A single laboratory needed at the ports – Shippers

Accra, June 12, GNA – Participants at a recent seminar have called for the creation of a single laboratory to provide the needs of all the regulatory agencies at the ports of the country.

They said this would help prevent the undue delays and high costs experienced by many shippers and importers in the country.

The participants made this known at a seminar, which forms part of the Ghanaian-German Economic Association’s ‘meet the government’ series held at the Novotel Hotel in Accra.

The topic for discussion was: ‘Challenges in clearing goods from the ports’ and brought together members of the Ghana Ports and Harbour Authority (GPHA), Ghana Shippers Authority (GSA), the Food and Drugs Authority (FDA) and the Customs Division of the Ghana Revenue Authority.

Mr Fred Asiedu-Darty, the Head of Public Relations of the GSA, said since it was their mandate to promote and protect the interests of shippers in the country, the GSA amongst others, regularly organises capacity building and trade facilitation measures for its members.

He said challenges experienced by many importers are felt in all the stages a shipper goes through, including: sorting the sea transport, terminal operations, cargo clearance, warehousing and inland haulage.

Mr Asiedu-Dartey said the challenges inherent in those stages are compounded as the shipper would have to meet the requirements of: the Customs Examination, Customs Chemist, Customs Prevention, Customs Taskforce, GPHA Revenue, and the GPHA Audit.

And besides these, he said, the shipper would still have to meet the demands of the Ghana Standards Authority, FDA, EPA, National Security, Destination inspection companies and the electronic tracking officials.

Mr Asiedu-Dartey said these bureaucratic procedures often lead to delays, congestion, confusion and high costs on the consumer.

Mr Solomon Agampim, Head of Import and Export Control at the FDA, said companies registered with the Registrar Generals Department and the FDA are those allowed to import certain categories of products.

He said the FDA was established to regulate the import and production of a variety of products including food, drugs, cosmetics, medical services etc and that the FDA issues permits for the importation of certain categories of products and these permits are usually valid for a year.

Mr Agampim said the role of the FDA at the ports is to ensure that food and drugs are rapidly screened and cleared through the ports to ensure public health and safety.

He said imported goods at the port are physically inspected by the FDA before its either approved, detained, seized or re-exported.
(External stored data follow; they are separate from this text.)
(* Let $q\in\mathbb{C}^*$, $\lambda\in\mathbb{C}^*$ and $a,b\in\mathbb{C}$. Regard $\Omega_{\mathcal{R}}(\lambda,a,b)$ as an $\mathcal{L}$-module via the injective homomorphism $\tau:\mathcal{L}\to\mathcal{R}$. Then $\Omega_{\mathcal{R}}(\lambda,a,b)$ is a simple $\mathcal{L}$-module if and only if it is a simple $\mathcal{R}$-module.
   Context: Let $\mathbb{Z}_+=\{0,1,2,\dots\}$. For $s\in\{0,\frac12\}$ let $S(q)$ be the Lie superalgebra over $\mathbb{C}$ with even basis $\{L_{m,i}\mid m\in\mathbb{Z},i\in\mathbb{Z}_+\}$, odd basis $\{G_{l,j}\mid l\in s+\mathbb{Z},j\in\mathbb{Z}_+\}$ and brackets $[L_{m,i},L_{n,j}]=(n(i+q)-m(j+q))L_{m+n,i+j}$, $[L_{m,i},G_{l,j}]=(l(i+q)-m(j+\frac{q}{2}))G_{m+l,i+j}$, $[G_{l,i},G_{r,j}]=2qL_{l+r,i+j}$. For $s=0$ this is the Ramond-Block algebra $\mathcal{R}$, for $s=\frac12$ the Neveu-Schwarz-Block algebra $\mathcal{L}$ (same $q$). The map $\tau:\mathcal{L}\to\mathcal{R}$ is the linear map with $\tau(L_{m,i})=\frac12L_{2m,i}$, $\tau(G_{r,j})=\frac{1}{\sqrt2}G_{2r,j}$ ($m\in\mathbb{Z}$, $r\in\frac12+\mathbb{Z}$); it is an injective Lie superalgebra homomorphism. Modules are supermodules. For $\lambda\in\mathbb{C}^*$, $a,b\in\mathbb{C}$, $\Omega_{\mathcal{R}}(\lambda,a,b)=\mathbb{C}[t^2]\oplus t\mathbb{C}[t^2]$ (even part $\mathbb{C}[t^2]$, odd part $t\mathbb{C}[t^2]$) is the $\mathcal{R}$-module with, for $f\in\mathbb{C}[t^2]$, $m\in\mathbb{Z}$, $i\in\mathbb{Z}_+$: $L_{m,i}f(t^2)=\lambda^m(\delta_{i,0}(t^2-mqa)+\delta_{q,-1}\delta_{i,1}b)f(t^2-mq)$, $L_{m,i}tf(t^2)=\lambda^m t(\delta_{i,0}(t^2-mqa-\frac{mq}{2})+\delta_{q,-1}\delta_{i,1}b)f(t^2-mq)$, $G_{m,i}f(t^2)=\lambda^m\delta_{i,0}tf(t^2-mq)$, $G_{m,i}tf(t^2)=q\lambda^m(\delta_{i,0}(t^2-2mqa)+2\delta_{q,-1}\delta_{i,1}b)f(t^2-mq)$. *)

theory Defs
  imports Complex_Main "HOL-Computational_Algebra.Polynomial"
begin

text \<open>The module Omega_R(lambda,a,b) = C[t^2] (+) t C[t^2] is modelled as pairs (f,g) of
complex polynomials in x = t^2, the pair (f,g) standing for f(t^2) + t g(t^2);
f is the even component, g the odd one.\<close>

type_synonym omega_vec = "complex poly \<times> complex poly"

definition shiftp :: "complex \<Rightarrow> complex poly \<Rightarrow> complex poly" where
  "shiftp c f = pcompose f [:- c, 1:]"
(* Let $\psi$ be an injective map from the positive integers to the positive integers and let $A=\{\psi(n): n\ge 1\}$. Let $\alpha$ be a positive integer. Define $\Gamma^{\psi}_{\alpha}(0)=1$ and, for a positive integer $m$, \[ \Gamma^{\psi}_{\alpha}(m)=\sum_{(N_0,N_1,N_2,\dots)}\ \prod_{j\ge0}\bar{p}^{A}(N_j), \] the sum running over all sequences of nonnegative integers $(N_0,N_1,\dots)$ with $m=(\alpha+1)\sum_{i\ge0}2^{i}N_i$ (so $\Gamma^{\psi}_{\alpha}(m)=0$ if there is no such sequence). Then for every nonnegative integer $n$, \[ p^{A}_{\alpha}(n)=\sum_{i=0}^{n}p^{A}(n-i)\,\Gamma^{\psi}_{\alpha}(i). \]
   Context: For a set $A$ of positive integers and a positive integer $\alpha$, $p^{A}_{\alpha}(n)$ is the number of partitions of $n$ into parts from $A$ in which each part occurs at most $\alpha$ times, and $p^{A}(n)$ is the number of partitions of $n$ into parts from $A$ without restriction; $p^{A}_{\alpha}(0)=p^{A}(0)=1$. Further $\bar{p}^{A}(n)=E^{A}(n)-O^{A}(n)$, where $E^{A}(n)$ (resp. $O^{A}(n)$) is the number of partitions of $n$ into parts from $A$ (no restriction on multiplicities) with an even (resp. odd) number of parts, and $\bar{p}^{A}(0)=1$. *)

theory Defs
  imports Main "HOL-Library.Multiset"
begin

definition partsA :: "nat set \<Rightarrow> nat \<Rightarrow> nat multiset set" where
  "partsA A n = {M. set_mset M \<subseteq> A \<and> sum_mset M = n}"

definition pA :: "nat set \<Rightarrow> nat \<Rightarrow> nat" where
  "pA A n = card (partsA A n)"

definition pA_alpha :: "nat set \<Rightarrow> nat \<Rightarrow> nat \<Rightarrow> nat" where
  "pA_alpha A \<alpha> n = card {M \<in> partsA A n. \<forall>x. count M x \<le> \<alpha>}"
Mr Wallace Akondor, the acting Commissioner, Customs Division of the Ghana Revenue Authority, said the duty of the Customs Division is primarily to collect revenue through import and export duties.

He said it is expected that all shippers would clear their goods within seven working days after their goods arrive.

Mr Akondor reminded shippers on the need to acquire the necessary permit from the relevant authorities in order to import pharmaceutical products, industrial chemicals, frozen fish, meat and poultry products.

After the presentation, participants at the event posed a number of questions on the undue delays and bureaucracy many experienced at the port. Suggestions were also made including the merging of port institutions to help facilitate the affairs of shippers at the Ghanaian ports.